What is required → Every line of the data below should be printed exactly. Nothing may be dropped.

Saved data entries →
Start of Block
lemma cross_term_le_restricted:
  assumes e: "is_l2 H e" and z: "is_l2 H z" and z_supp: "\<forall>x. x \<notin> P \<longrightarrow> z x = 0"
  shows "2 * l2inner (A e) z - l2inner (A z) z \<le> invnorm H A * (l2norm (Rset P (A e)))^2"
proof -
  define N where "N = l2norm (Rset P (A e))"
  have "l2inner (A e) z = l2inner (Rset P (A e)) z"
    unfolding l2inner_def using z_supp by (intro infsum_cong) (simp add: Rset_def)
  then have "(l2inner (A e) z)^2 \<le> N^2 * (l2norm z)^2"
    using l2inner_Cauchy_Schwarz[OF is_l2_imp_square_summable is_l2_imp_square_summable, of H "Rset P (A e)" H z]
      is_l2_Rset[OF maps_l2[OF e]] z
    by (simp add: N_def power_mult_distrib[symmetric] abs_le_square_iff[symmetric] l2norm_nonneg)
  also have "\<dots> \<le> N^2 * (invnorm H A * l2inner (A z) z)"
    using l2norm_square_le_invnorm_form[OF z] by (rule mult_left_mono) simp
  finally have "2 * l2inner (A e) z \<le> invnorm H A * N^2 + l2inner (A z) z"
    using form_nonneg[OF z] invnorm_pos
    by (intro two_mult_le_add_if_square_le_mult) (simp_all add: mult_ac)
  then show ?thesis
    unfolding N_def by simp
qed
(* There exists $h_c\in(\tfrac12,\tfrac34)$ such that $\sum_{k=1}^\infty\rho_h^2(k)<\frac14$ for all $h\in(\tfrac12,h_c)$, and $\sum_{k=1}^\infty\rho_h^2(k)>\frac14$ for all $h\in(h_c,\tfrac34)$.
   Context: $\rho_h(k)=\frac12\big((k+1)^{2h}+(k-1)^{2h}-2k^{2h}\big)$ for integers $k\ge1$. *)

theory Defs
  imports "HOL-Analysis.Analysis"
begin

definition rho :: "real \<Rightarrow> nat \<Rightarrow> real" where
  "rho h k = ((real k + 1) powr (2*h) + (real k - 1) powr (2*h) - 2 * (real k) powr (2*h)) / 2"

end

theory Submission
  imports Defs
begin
End of Block
Result of the task →
lemma cross_term_le_restricted:
  assumes e: "is_l2 H e" and z: "is_l2 H z" and z_supp: "\<forall>x. x \<notin> P \<longrightarrow> z x = 0"
  shows "2 * l2inner (A e) z - l2inner (A z) z \<le> invnorm H A * (l2norm (Rset P (A e)))^2"
proof -
  define N where "N = l2norm (Rset P (A e))"
  have "l2inner (A e) z = l2inner (Rset P (A e)) z"
    unfolding l2inner_def using z_supp by (intro infsum_cong) (simp add: Rset_def)
  then have "(l2inner (A e) z)^2 \<le> N^2 * (l2norm z)^2"
    using l2inner_Cauchy_Schwarz[OF is_l2_imp_square_summable is_l2_imp_square_summable, of H "Rset P (A e)" H z]
      is_l2_Rset[OF maps_l2[OF e]] z
    by (simp add: N_def power_mult_distrib[symmetric] abs_le_square_iff[symmetric] l2norm_nonneg)
  also have "\<dots> \<le> N^2 * (invnorm H A * l2inner (A z) z)"
    using l2norm_square_le_invnorm_form[OF z] by (rule mult_left_mono) simp
  finally have "2 * l2inner (A e) z \<le> invnorm H A * N^2 + l2inner (A z) z"
    using form_nonneg[OF z] invnorm_pos
    by (intro two_mult_le_add_if_square_le_mult) (simp_all add: mult_ac)
  then show ?thesis
    unfolding N_def by simp
qed
(* There exists $h_c\in(\tfrac12,\tfrac34)$ such that $\sum_{k=1}^\infty\rho_h^2(k)<\frac14$ for all $h\in(\tfrac12,h_c)$, and $\sum_{k=1}^\infty\rho_h^2(k)>\frac14$ for all $h\in(h_c,\tfrac34)$.
   Context: $\rho_h(k)=\frac12\big((k+1)^{2h}+(k-1)^{2h}-2k^{2h}\big)$ for integers $k\ge1$. *)

theory Defs
  imports "HOL-Analysis.Analysis"
begin

definition rho :: "real \<Rightarrow> nat \<Rightarrow> real" where
  "rho h k = ((real k + 1) powr (2*h) + (real k - 1) powr (2*h) - 2 * (real k) powr (2*h)) / 2"

end

theory Submission
  imports Defs
begin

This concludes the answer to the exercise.